** Opening The input block **

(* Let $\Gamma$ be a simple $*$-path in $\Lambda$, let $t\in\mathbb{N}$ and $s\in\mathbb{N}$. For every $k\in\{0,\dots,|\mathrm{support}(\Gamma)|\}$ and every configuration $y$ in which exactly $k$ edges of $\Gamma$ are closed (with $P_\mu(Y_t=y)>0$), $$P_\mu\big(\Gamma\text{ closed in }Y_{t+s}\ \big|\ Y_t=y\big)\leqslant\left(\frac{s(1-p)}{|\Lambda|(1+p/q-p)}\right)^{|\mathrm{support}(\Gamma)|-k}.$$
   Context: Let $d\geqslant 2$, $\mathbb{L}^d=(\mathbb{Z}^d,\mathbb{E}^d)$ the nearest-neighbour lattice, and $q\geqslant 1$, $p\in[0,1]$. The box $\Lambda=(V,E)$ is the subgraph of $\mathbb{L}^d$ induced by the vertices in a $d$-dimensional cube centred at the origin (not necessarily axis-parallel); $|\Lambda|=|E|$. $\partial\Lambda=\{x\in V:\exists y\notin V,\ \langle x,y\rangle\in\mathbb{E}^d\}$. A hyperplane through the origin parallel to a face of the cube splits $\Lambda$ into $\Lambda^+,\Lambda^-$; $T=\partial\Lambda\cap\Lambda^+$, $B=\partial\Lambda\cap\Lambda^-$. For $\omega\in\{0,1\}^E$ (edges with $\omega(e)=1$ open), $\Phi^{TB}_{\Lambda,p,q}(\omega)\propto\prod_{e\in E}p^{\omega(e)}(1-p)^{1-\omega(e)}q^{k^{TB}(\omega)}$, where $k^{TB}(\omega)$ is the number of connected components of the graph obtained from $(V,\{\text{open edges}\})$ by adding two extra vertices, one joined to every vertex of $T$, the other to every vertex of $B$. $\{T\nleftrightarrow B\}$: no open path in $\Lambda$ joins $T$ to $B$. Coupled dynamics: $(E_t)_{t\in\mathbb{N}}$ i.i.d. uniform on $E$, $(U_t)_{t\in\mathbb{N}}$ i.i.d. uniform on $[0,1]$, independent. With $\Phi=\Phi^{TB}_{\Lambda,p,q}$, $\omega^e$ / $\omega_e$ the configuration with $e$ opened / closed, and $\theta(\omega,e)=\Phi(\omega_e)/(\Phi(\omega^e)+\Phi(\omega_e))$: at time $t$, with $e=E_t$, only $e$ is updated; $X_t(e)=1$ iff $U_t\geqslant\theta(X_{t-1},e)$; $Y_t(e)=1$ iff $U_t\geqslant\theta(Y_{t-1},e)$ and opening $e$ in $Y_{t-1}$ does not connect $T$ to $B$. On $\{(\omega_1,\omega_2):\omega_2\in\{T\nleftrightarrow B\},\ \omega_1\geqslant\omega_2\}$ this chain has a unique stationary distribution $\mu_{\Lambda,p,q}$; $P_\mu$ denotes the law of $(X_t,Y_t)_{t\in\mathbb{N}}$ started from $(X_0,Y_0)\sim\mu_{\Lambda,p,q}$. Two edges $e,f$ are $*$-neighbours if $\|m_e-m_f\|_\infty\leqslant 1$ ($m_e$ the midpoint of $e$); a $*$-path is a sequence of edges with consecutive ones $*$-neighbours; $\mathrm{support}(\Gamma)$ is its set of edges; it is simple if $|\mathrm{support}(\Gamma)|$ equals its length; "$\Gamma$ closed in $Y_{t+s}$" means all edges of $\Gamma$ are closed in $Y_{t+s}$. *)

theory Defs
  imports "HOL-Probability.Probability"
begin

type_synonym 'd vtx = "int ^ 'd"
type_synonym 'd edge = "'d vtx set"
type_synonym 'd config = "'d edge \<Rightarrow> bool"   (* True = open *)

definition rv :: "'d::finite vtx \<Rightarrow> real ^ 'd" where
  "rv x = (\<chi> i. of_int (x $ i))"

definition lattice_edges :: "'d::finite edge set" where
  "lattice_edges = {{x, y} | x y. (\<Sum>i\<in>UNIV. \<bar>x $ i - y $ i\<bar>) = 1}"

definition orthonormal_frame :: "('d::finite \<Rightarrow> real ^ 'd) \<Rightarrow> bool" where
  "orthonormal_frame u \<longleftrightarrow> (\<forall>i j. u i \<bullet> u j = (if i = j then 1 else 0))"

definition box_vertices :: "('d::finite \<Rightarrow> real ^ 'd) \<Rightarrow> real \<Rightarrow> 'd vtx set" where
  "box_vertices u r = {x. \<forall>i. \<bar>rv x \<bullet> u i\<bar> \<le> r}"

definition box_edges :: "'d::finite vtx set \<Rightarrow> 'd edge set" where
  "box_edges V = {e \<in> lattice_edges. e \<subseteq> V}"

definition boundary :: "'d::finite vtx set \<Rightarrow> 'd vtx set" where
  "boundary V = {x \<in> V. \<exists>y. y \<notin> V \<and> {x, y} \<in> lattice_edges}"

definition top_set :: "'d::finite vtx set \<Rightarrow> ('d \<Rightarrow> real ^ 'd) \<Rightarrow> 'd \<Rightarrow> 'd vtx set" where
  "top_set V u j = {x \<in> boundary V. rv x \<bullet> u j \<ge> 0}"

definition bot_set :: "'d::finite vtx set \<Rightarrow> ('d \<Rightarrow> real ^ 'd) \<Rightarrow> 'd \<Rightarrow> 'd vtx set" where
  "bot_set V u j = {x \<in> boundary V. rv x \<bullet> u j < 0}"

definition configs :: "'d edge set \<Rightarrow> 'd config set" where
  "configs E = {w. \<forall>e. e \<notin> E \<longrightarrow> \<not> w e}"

** Closing The input block **

Take the line that holds "x y. (\<Sum>i\<in>UNIV." as the first and the last line of the material as the final one. Print that span exactly, both ends included.

  "lattice_edges = {{x, y} | x y. (\<Sum>i\<in>UNIV. \<bar>x $ i - y $ i\<bar>) = 1}"

definition orthonormal_frame :: "('d::finite \<Rightarrow> real ^ 'd) \<Rightarrow> bool" where
  "orthonormal_frame u \<longleftrightarrow> (\<forall>i j. u i \<bullet> u j = (if i = j then 1 else 0))"

definition box_vertices :: "('d::finite \<Rightarrow> real ^ 'd) \<Rightarrow> real \<Rightarrow> 'd vtx set" where
  "box_vertices u r = {x. \<forall>i. \<bar>rv x \<bullet> u i\<bar> \<le> r}"

definition box_edges :: "'d::finite vtx set \<Rightarrow> 'd edge set" where
  "box_edges V = {e \<in> lattice_edges. e \<subseteq> V}"

definition boundary :: "'d::finite vtx set \<Rightarrow> 'd vtx set" where
  "boundary V = {x \<in> V. \<exists>y. y \<notin> V \<and> {x, y} \<in> lattice_edges}"

definition top_set :: "'d::finite vtx set \<Rightarrow> ('d \<Rightarrow> real ^ 'd) \<Rightarrow> 'd \<Rightarrow> 'd vtx set" where
  "top_set V u j = {x \<in> boundary V. rv x \<bullet> u j \<ge> 0}"

definition bot_set :: "'d::finite vtx set \<Rightarrow> ('d \<Rightarrow> real ^ 'd) \<Rightarrow> 'd \<Rightarrow> 'd vtx set" where
  "bot_set V u j = {x \<in> boundary V. rv x \<bullet> u j < 0}"

definition configs :: "'d edge set \<Rightarrow> 'd config set" where
  "configs E = {w. \<forall>e. e \<notin> E \<longrightarrow> \<not> w e}"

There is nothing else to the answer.